*YOUR TASK*: Among the lines below, copy exactly those from the one with "0) \<alpha> (0, fst" through the one with "1) (1, 0))) (1, 0)", counting both ends.

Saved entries
----------

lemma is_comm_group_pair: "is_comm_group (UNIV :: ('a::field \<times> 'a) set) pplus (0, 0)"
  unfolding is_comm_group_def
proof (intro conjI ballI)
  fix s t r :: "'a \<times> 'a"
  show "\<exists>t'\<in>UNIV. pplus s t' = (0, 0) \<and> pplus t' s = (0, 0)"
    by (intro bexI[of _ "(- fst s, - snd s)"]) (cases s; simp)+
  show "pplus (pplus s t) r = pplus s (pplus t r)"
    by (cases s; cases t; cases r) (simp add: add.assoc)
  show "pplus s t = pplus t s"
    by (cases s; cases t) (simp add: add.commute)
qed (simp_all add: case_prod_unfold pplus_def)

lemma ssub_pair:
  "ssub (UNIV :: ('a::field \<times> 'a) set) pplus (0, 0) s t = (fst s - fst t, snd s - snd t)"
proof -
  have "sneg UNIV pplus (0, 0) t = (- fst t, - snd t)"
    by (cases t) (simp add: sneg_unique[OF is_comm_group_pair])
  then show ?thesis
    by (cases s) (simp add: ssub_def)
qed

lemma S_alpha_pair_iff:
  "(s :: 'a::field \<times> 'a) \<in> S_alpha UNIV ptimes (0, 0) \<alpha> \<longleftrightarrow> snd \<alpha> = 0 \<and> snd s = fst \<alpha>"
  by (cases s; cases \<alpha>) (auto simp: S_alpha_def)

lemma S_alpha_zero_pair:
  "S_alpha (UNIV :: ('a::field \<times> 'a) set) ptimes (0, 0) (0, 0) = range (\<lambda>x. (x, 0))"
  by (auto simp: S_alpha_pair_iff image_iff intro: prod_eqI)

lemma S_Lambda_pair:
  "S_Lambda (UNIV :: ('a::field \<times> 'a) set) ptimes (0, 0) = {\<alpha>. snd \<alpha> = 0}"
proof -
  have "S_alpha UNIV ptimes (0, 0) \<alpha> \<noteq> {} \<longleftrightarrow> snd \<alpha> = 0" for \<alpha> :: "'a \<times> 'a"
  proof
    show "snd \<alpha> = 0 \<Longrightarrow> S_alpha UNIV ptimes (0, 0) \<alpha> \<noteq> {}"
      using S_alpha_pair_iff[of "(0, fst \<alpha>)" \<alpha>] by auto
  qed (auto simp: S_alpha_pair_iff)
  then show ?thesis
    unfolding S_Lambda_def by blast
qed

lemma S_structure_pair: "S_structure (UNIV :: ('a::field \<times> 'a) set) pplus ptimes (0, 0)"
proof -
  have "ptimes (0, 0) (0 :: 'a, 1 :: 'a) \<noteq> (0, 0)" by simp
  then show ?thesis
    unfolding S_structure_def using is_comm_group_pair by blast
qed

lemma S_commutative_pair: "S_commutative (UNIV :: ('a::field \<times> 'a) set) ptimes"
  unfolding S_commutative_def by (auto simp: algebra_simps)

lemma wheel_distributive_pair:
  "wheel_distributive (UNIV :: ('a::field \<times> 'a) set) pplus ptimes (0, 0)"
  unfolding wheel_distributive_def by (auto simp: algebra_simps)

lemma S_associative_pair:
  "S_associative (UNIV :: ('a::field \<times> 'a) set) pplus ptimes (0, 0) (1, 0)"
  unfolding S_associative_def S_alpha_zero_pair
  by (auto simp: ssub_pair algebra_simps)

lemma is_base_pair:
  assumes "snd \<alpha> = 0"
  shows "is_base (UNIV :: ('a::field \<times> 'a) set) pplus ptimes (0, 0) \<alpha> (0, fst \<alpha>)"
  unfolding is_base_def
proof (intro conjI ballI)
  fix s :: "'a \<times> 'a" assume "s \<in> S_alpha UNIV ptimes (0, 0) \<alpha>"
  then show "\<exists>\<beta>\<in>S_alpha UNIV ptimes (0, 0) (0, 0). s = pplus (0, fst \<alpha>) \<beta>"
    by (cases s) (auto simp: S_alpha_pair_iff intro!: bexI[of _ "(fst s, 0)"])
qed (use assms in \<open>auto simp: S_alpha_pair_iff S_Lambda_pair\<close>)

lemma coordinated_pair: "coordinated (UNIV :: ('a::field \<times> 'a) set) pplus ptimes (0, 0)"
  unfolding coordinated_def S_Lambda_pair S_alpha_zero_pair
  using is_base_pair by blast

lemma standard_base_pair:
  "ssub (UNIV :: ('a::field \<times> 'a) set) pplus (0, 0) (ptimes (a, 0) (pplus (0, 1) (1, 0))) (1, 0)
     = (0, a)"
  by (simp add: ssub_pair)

----------

*SOLUTION FOR THIS EXERCISE*:
  shows "is_base (UNIV :: ('a::field \<times> 'a) set) pplus ptimes (0, 0) \<alpha> (0, fst \<alpha>)"
  unfolding is_base_def
proof (intro conjI ballI)
  fix s :: "'a \<times> 'a" assume "s \<in> S_alpha UNIV ptimes (0, 0) \<alpha>"
  then show "\<exists>\<beta>\<in>S_alpha UNIV ptimes (0, 0) (0, 0). s = pplus (0, fst \<alpha>) \<beta>"
    by (cases s) (auto simp: S_alpha_pair_iff intro!: bexI[of _ "(fst s, 0)"])
qed (use assms in \<open>auto simp: S_alpha_pair_iff S_Lambda_pair\<close>)

lemma coordinated_pair: "coordinated (UNIV :: ('a::field \<times> 'a) set) pplus ptimes (0, 0)"
  unfolding coordinated_def S_Lambda_pair S_alpha_zero_pair
  using is_base_pair by blast

lemma standard_base_pair:
  "ssub (UNIV :: ('a::field \<times> 'a) set) pplus (0, 0) (ptimes (a, 0) (pplus (0, 1) (1, 0))) (1, 0)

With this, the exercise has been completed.